MLP Neural Networks are a set of perceptron models organized into layers, with one layer feeding into the next.

In [1]:
import keras
from keras.datasets import mnist
from keras.models import Sequential
from keras.layers import Dense, Dropout, Flatten, Conv2D, MaxPooling2D
from keras.layers import LSTM, Input, TimeDistributed
from keras.models import Model
from keras.optimizers import RMSprop

from keras import backend as K

  from ._conv import register_converters as _register_converters
Using TensorFlow backend.


In [2]:
(x_train, y_train), (x_test, y_test) = mnist.load_data()

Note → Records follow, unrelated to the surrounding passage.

(* Let $J'=(z_w,z_w')$ be a nonempty open interval, let $r:J'\to\mathbb{R}$ be differentiable and non-increasing, and let $h:J'\to\mathbb{R}$ be differentiable with $\dot h(z)=1+h(z)^2-2r(z)h(z)$ on $J'$, having exactly one zero $z_*\in J'$. Let $G(z)=z-\dfrac{2h(z)}{2+h(z)^2-2r(z)h(z)}$. (1) If $0<r(z)<1$ for all $z\in(z_*,z_w')$, then $G$ is differentiable on $(z_*,z_w')$ and $\dot G(z)\ge 0$ for all $z\in(z_*,z_w')$. (2) If $-1<r(z)<0$ for all $z\in(z_w,z_* )$, then $G$ is differentiable on $(z_w,z_* )$ and $\dot G(z)\ge 0$ for all $z\in(z_w,z_* )$.
   Context: $\dot{}$ denotes differentiation with respect to $z$. Here $h<0$ on $(z_w,z_* )$ and $h>0$ on $(z_*,z_w')$ (consequence of $h(z_* )=0$, $\dot h(z_* )=1$ and uniqueness of the zero). *)

theory Defs
  imports "HOL-Analysis.Analysis"
begin

end

theory Submission
  imports Defs
begin

text \<open>
  Writing \<open>H = h z\<close>, \<open>R = r z\<close>
  and \<open>D = 2 + H\<^sup>2 - 2 R H\<close>, the Riccati equation for \<open>h\<close> turns the quotient rule into
  \<open>G' = H\<^sup>2 (3 H\<^sup>2 - 8 R H + 4 R\<^sup>2 + 2 - 4 r') / D\<^sup>2\<close>. For \<open>\<bar>R\<bar> < 1\<close> both \<open>D\<close> and the
  quadratic \<open>3 H\<^sup>2 - 8 R H + 4 R\<^sup>2 + 2\<close> are positive (complete the square in \<open>H\<close>), and
  \<open>r' \<le> 0\<close> because \<open>r\<close> is non-increasing. The sign conditions on \<open>r\<close> in the two halves
  of the theorem are only used through \<open>\<bar>r\<bar> < 1\<close>.
\<close>

lemma riccati_denominator_pos:
  fixes H R :: real
  assumes "\<bar>R\<bar> < 1"
  shows "0 < 2 + H\<^sup>2 - 2 * R * H"
proof -
  have "R\<^sup>2 < 1"
    using assms by (simp add: abs_square_less_1)
  moreover have "2 + H\<^sup>2 - 2 * R * H = (H - R)\<^sup>2 + (2 - R\<^sup>2)"
    by (simp add: power2_eq_square algebra_simps)
  ultimately show ?thesis
    using zero_le_power2[of "H - R"] by linarith
qed

lemma riccati_quotient_deriv_factor_nonneg:
  fixes H R :: real
  assumes "\<bar>R\<bar> < 1"
  shows "0 \<le> 3 * H\<^sup>2 - 8 * R * H + 4 * R\<^sup>2 + 2"
proof -
  have "R\<^sup>2 < 1"
    using assms by (simp add: abs_square_less_1)
  moreover have "3 * H\<^sup>2 - 8 * R * H + 4 * R\<^sup>2 + 2 = 3 * (H - 4/3 * R)\<^sup>2 + (2 - 4/3 * R\<^sup>2)"
    by (simp add: power2_eq_square algebra_simps)
  ultimately show ?thesis
    using zero_le_power2[of "H - 4/3 * R"] by linarith
qed

lemma riccati_quotient_has_derivative:
  fixes r h :: "real \<Rightarrow> real"
  assumes h_ode: "(h has_real_derivative (1 + (h z)\<^sup>2 - 2 * r z * h z)) (at z)"
    and r_deriv: "(r has_real_derivative r') (at z)"
    and D_nz: "2 + (h z)\<^sup>2 - 2 * r z * h z \<noteq> 0"
  shows "((\<lambda>z. z - 2 * h z / (2 + (h z)\<^sup>2 - 2 * r z * h z)) has_real_derivative
           (h z)\<^sup>2 * (3 * (h z)\<^sup>2 - 8 * r z * h z + 4 * (r z)\<^sup>2 + 2 - 4 * r')
             / (2 + (h z)\<^sup>2 - 2 * r z * h z)\<^sup>2) (at z)"
proof -
  define H R where "H = h z" and "R = r z"
  define h' D where "h' = 1 + H\<^sup>2 - 2 * R * H" and "D = 2 + H\<^sup>2 - 2 * R * H"
  define D' where "D' = 2 * H * h' - 2 * (r' * H + R * h')"
  have D_deriv: "((\<lambda>z. 2 + (h z)\<^sup>2 - 2 * r z * h z) has_real_derivative D') (at z)"
    unfolding D'_def h'_def H_def R_def by (auto intro!: derivative_eq_intros h_ode r_deriv)
  have G_deriv: "((\<lambda>z. z - 2 * h z / (2 + (h z)\<^sup>2 - 2 * r z * h z)) has_real_derivative
                   1 - (2 * h' * D - 2 * H * D') / D\<^sup>2) (at z)"
    by (rule DERIV_cong[OF DERIV_diff[OF DERIV_ident DERIV_divide[OF DERIV_cmult[OF h_ode] D_deriv D_nz]]])
      (simp add: h'_def D_def H_def R_def power2_eq_square)
  have "D \<noteq> 0"
    using D_nz by (simp add: D_def H_def R_def)
  have "1 - (2 * h' * D - 2 * H * D') / D\<^sup>2 = (D\<^sup>2 - (2 * h' * D - 2 * H * D')) / D\<^sup>2"
    using \<open>D \<noteq> 0\<close> by (simp add: diff_divide_distrib)
  also have "\<dots> = H\<^sup>2 * (3 * H\<^sup>2 - 8 * R * H + 4 * R\<^sup>2 + 2 - 4 * r') / D\<^sup>2"
    unfolding D_def D'_def h'_def by (simp add: power2_eq_square algebra_simps)
  finally show ?thesis
    using G_deriv by (simp add: H_def R_def D_def)
qed

lemma riccati_quotient_deriv_nonneg:
  fixes r h :: "real \<Rightarrow> real"
  assumes h_ode: "(h has_real_derivative (1 + (h z)\<^sup>2 - 2 * r z * h z)) (at z)"
    and r_deriv: "(r has_real_derivative r') (at z)" and "r' \<le> 0"
    and r_bound: "\<bar>r z\<bar> < 1"
  defines "G \<equiv> \<lambda>z. z - 2 * h z / (2 + (h z)\<^sup>2 - 2 * r z * h z)"
  shows "G differentiable (at z) \<and> deriv G z \<ge> 0"
proof -
  have "(G has_real_derivative (h z)\<^sup>2 * (3 * (h z)\<^sup>2 - 8 * r z * h z + 4 * (r z)\<^sup>2 + 2 - 4 * r')
          / (2 + (h z)\<^sup>2 - 2 * r z * h z)\<^sup>2) (at z)"
    unfolding G_def using riccati_denominator_pos[OF r_bound, of "h z"]
    by (intro riccati_quotient_has_derivative h_ode r_deriv) simp
  moreover have "0 \<le> (h z)\<^sup>2 * (3 * (h z)\<^sup>2 - 8 * r z * h z + 4 * (r z)\<^sup>2 + 2 - 4 * r')
                  / (2 + (h z)\<^sup>2 - 2 * r z * h z)\<^sup>2"
    using riccati_quotient_deriv_factor_nonneg[OF r_bound, of "h z"] \<open>r' \<le> 0\<close> by simp
  ultimately show ?thesis
    using DERIV_imp_deriv real_differentiable_def by fastforce
qed

theorem lemma3p3:
  fixes r h :: "real \<Rightarrow> real" and zw zw' zs :: real
  assumes "zw < zw'"
    and r_diff: "\<forall>z\<in>{zw<..<zw'}. r differentiable (at z)"
    and r_noninc: "\<forall>x\<in>{zw<..<zw'}. \<forall>y\<in>{zw<..<zw'}. x \<le> y \<longrightarrow> r y \<le> r x"
    and h_ode: "\<forall>z\<in>{zw<..<zw'}. (h has_real_derivative (1 + (h z)\<^sup>2 - 2 * r z * h z)) (at z)"
    and zs_in: "zs \<in> {zw<..<zw'}" and h_zs: "h zs = 0"
    and zs_unique: "\<forall>z\<in>{zw<..<zw'}. h z = 0 \<longrightarrow> z = zs"
  defines "G \<equiv> (\<lambda>z. z - 2 * h z / (2 + (h z)\<^sup>2 - 2 * r z * h z))"
  shows "((\<forall>z\<in>{zs<..<zw'}. 0 < r z \<and> r z < 1) \<longrightarrow>
            (\<forall>z\<in>{zs<..<zw'}. G differentiable (at z) \<and> deriv G z \<ge> 0))
       \<and> ((\<forall>z\<in>{zw<..<zs}. -1 < r z \<and> r z < 0) \<longrightarrow>
            (\<forall>z\<in>{zw<..<zs}. G differentiable (at z) \<and> deriv G z \<ge> 0))"
proof -
  have "G differentiable (at z) \<and> deriv G z \<ge> 0"
    if z: "z \<in> {zw<..<zw'}" and r_bound: "\<bar>r z\<bar> < 1" for z
  proof -
    obtain r' where r': "(r has_real_derivative r') (at z)"
      using r_diff z by (meson real_differentiable_def differentiable_def has_real_derivative_iff)
    have "mono_on {zw<..<zw'} (\<lambda>z. - r z)"
      using r_noninc by (auto intro: mono_onI)
    then have "r' \<le> 0"
      using mono_on_imp_deriv_nonneg[OF _ DERIV_minus[OF r']] z by (simp add: interior_open)
    then show ?thesis
      unfolding G_def using h_ode z r' r_bound by (intro riccati_quotient_deriv_nonneg) auto
  qed
  then show ?thesis
    using zs_in by auto
qed

end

# 60,000 images with 28*28 pixels (784 pixels total)
# Need 60,000 arrays (1 per image) of length 784
x_train = x_train.reshape(60000, 784)
x_test = x_test.reshape(10000, 784)

x_train = x_train.astype('float32')
x_test = x_test.astype('float32')

# Normalize values (0 ~ 255)
x_train /= 255
x_test /= 255

# Print sample sizes
print(x_train.shape[0], 'train samples')
print(x_test.shape[0], 'test samples')

# Convert class vectors to binary class matrices (i.e. dummify class column)
# 1 column with 10 values -> 10 binary columns
y_train = keras.utils.to_categorical(y_train, 10)
y_test = keras.utils.to_categorical(y_test, 10)

60000 train samples
10000 test samples


In [3]:
model = Sequential()

# Add dense layers to create a fully connected MLP
# Note that we specify an input shape for the first layer, but only the first layer.
# Relu is the activation function used
model.add(Dense(64, activation='relu', input_shape=(784,)))
# Dropout layers remove features and fight overfitting
model.add(Dropout(0.1))
model.add(Dense(64, activation='relu'))
model.add(Dropout(0.1))
# End with a number of units equal to the number of classes we have for our outcome
model.add(Dense(10, activation='softmax'))

model.summary()

# Compile the model to put it all together.
model.compile(loss='categorical_crossentropy', optimizer=RMSprop(), metrics=['accuracy'])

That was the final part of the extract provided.